Agfacolor was the name of a series of color film products made by Agfa of Germany. The first Agfacolor, introduced in 1932, was a film-based version of their Agfa-Farbenplatte (Agfa color plate), a "screen plate" product similar to the French Autochrome. In late 1936, Agfa introduced Agfacolor Neu (New Agfacolor), a pioneering color film of the general type still in use today. The new Agfacolor was originally a reversal film used for making "slides", home movies and short documentaries. By 1939, it had also been adapted into a negative film and a print film for use by the German motion picture industry. After World War II, the Agfacolor brand was applied to several varieties of color negative film for still photography, in which the negatives were used to make color prints on paper. The reversal film was then marketed as Agfachrome.  These films use Color Developing Agent 1 in their color developer.

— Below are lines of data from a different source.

(* There exists a strongly complete profinite group $Q$ (i.e. every subgroup of finite index in $Q$ is open) in which the derived subgroup $Q'$ is not closed.
   Context: $Q'$ denotes the abstract derived subgroup of $Q$, i.e. the subgroup generated algebraically by all commutators $[x,y]$, $x,y\in Q$. *)

theory Defs
  imports "HOL-Analysis.Analysis" "HOL-Algebra.Algebra"
begin

definition topological_group :: "('a, 'b) monoid_scheme \<Rightarrow> 'a topology \<Rightarrow> bool" where
  "topological_group G T \<longleftrightarrow>
     group G \<and> topspace T = carrier G \<and>
     continuous_map (prod_topology T T) T (\<lambda>(x, y). x \<otimes>\<^bsub>G\<^esub> y) \<and>
     continuous_map T T (\<lambda>x. inv\<^bsub>G\<^esub> x)"

definition totally_disconnected_space :: "'a topology \<Rightarrow> bool" where
  "totally_disconnected_space T \<longleftrightarrow>
     (\<forall>S. S \<subseteq> topspace T \<and> connectedin T S \<longrightarrow> (\<exists>a. S \<subseteq> {a}))"

definition profinite_group :: "('a, 'b) monoid_scheme \<Rightarrow> 'a topology \<Rightarrow> bool" where
  "profinite_group G T \<longleftrightarrow>
     topological_group G T \<and> compact_space T \<and> Hausdorff_space T \<and>
     totally_disconnected_space T"

definition strongly_complete :: "('a, 'b) monoid_scheme \<Rightarrow> 'a topology \<Rightarrow> bool" where
  "strongly_complete G T \<longleftrightarrow>
     (\<forall>H. subgroup H G \<and> finite (rcosets\<^bsub>G\<^esub> H) \<longrightarrow> openin T H)"

end

theory Submission
  imports Defs "HOL-Number_Theory.Number_Theory"
begin

text \<open>
  The group is the product, over all primes \<open>p\<close>, of the finite groups \<open>H\<^sub>p\<close> of triples
  \<open>(x, y, z)\<close> with \<open>x, y \<in> \<int>\<^sub>p\<^sup>p\<close> and \<open>z\<close> a \<open>p \<times> p\<close> matrix over \<open>\<int>\<^sub>p\<close>, multiplied by
  \<open>(x, y, z) (x', y', z') = (x + x', y + y', z + z' + x y'\<^sup>T)\<close>.

  Every element of \<open>H\<^sub>p\<close> has order dividing \<open>p\<^sup>2\<close>. A subgroup of index \<open>N\<close> contains all
  \<open>N!\<close>-th powers, and the \<open>N!\<close>-th power map is onto \<open>H\<^sub>p\<close> for \<open>p > N\<close>; so the subgroup
  contains the kernel of the projection onto finitely many factors and is open.

  A commutator in \<open>H\<^sub>p\<close> is central and depends only on the \<open>x\<close>- and \<open>y\<close>-coordinates of its
  arguments, so at most \<open>p\<^bsup>4pk\<^esup>\<close> elements are products of \<open>k\<close> commutators, while all
  \<open>p\<^bsup>p\<^sup>2\<^esup>\<close> central elements lie in \<open>H\<^sub>p'\<close>. An element whose \<open>p\<close>-th coordinate is
  a central element of \<open>H\<^sub>p'\<close> that is not a product of \<open>(p - 1) div 4\<close> commutators lies
  in the closure of the derived subgroup (its finite truncations are in it) but not in the
  derived subgroup itself, whose elements are products of boundedly many commutators.
\<close>

section \<open>Products of commutators\<close>

definition commutators :: "('a, 'b) monoid_scheme \<Rightarrow> 'a set" where
  "commutators G = derived_set G (carrier G)"

primrec commutator_products :: "('a, 'b) monoid_scheme \<Rightarrow> nat \<Rightarrow> 'a set" where
  "commutator_products G 0 = {\<one>\<^bsub>G\<^esub>}"
| "commutator_products G (Suc k) =
     {c \<otimes>\<^bsub>G\<^esub> g | c g. c \<in> commutators G \<and> g \<in> commutator_products G k}"

lemma commutatorsI:
  "a \<in> carrier G \<Longrightarrow> b \<in> carrier G
    \<Longrightarrow> a \<otimes>\<^bsub>G\<^esub> b \<otimes>\<^bsub>G\<^esub> inv\<^bsub>G\<^esub> a \<otimes>\<^bsub>G\<^esub> inv\<^bsub>G\<^esub> b \<in> commutators G"
  unfolding commutators_def by blast

lemma commutatorsE:
  assumes "c \<in> commutators G"
  obtains a b where "a \<in> carrier G" "b \<in> carrier G"
    "c = a \<otimes>\<^bsub>G\<^esub> b \<otimes>\<^bsub>G\<^esub> inv\<^bsub>G\<^esub> a \<otimes>\<^bsub>G\<^esub> inv\<^bsub>G\<^esub> b"
  using assms unfolding commutators_def by blast

lemma commutator_products_SucI:
  "c \<in> commutators G \<Longrightarrow> g \<in> commutator_products G k
    \<Longrightarrow> c \<otimes>\<^bsub>G\<^esub> g \<in> commutator_products G (Suc k)"
  by auto

context group
begin

lemma commutators_subset_carrier: "commutators G \<subseteq> carrier G"
  unfolding commutators_def by (rule derived_set_in_carrier) simp

lemma derived_eq_generate_commutators: "derived G (carrier G) = generate G (commutators G)"
  by (simp add: derived_def commutators_def)

lemma commutator_products_subset_carrier: "commutator_products G k \<subseteq> carrier G"
  by (induction k) (use commutators_subset_carrier in auto)

lemma one_in_commutators: "\<one> \<in> commutators G"
  using commutatorsI[OF one_closed one_closed] by simp

lemma inv_in_commutators:
  assumes "c \<in> commutators G"
  shows "inv c \<in> commutators G"
proof -
  obtain a b where ab: "a \<in> carrier G" "b \<in> carrier G" "c = a \<otimes> b \<otimes> inv a \<otimes> inv b"
    using assms by (rule commutatorsE)
  then have "inv c = b \<otimes> a \<otimes> inv b \<otimes> inv a"
    by (simp add: inv_mult_group m_assoc)
  then show ?thesis using ab commutatorsI by simp
qed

Agfacolor Neu, called simply Agfacolor after its predecessor had been retired, was the German response to Technicolor and Kodachrome. Like Kodachrome, introduced by Eastman Kodak in 1935, the new Agfacolor film was an "integral tripack" with three differently color-sensitized emulsion layers. Unlike Kodachrome, the corresponding color-forming dye couplers were made integral with each layer during manufacture, greatly simplifying the processing of the film: with Kodachrome, the dye couplers had to be introduced one at a time during a very complicated development procedure that required special equipment and could only be done at a Kodak processing plant.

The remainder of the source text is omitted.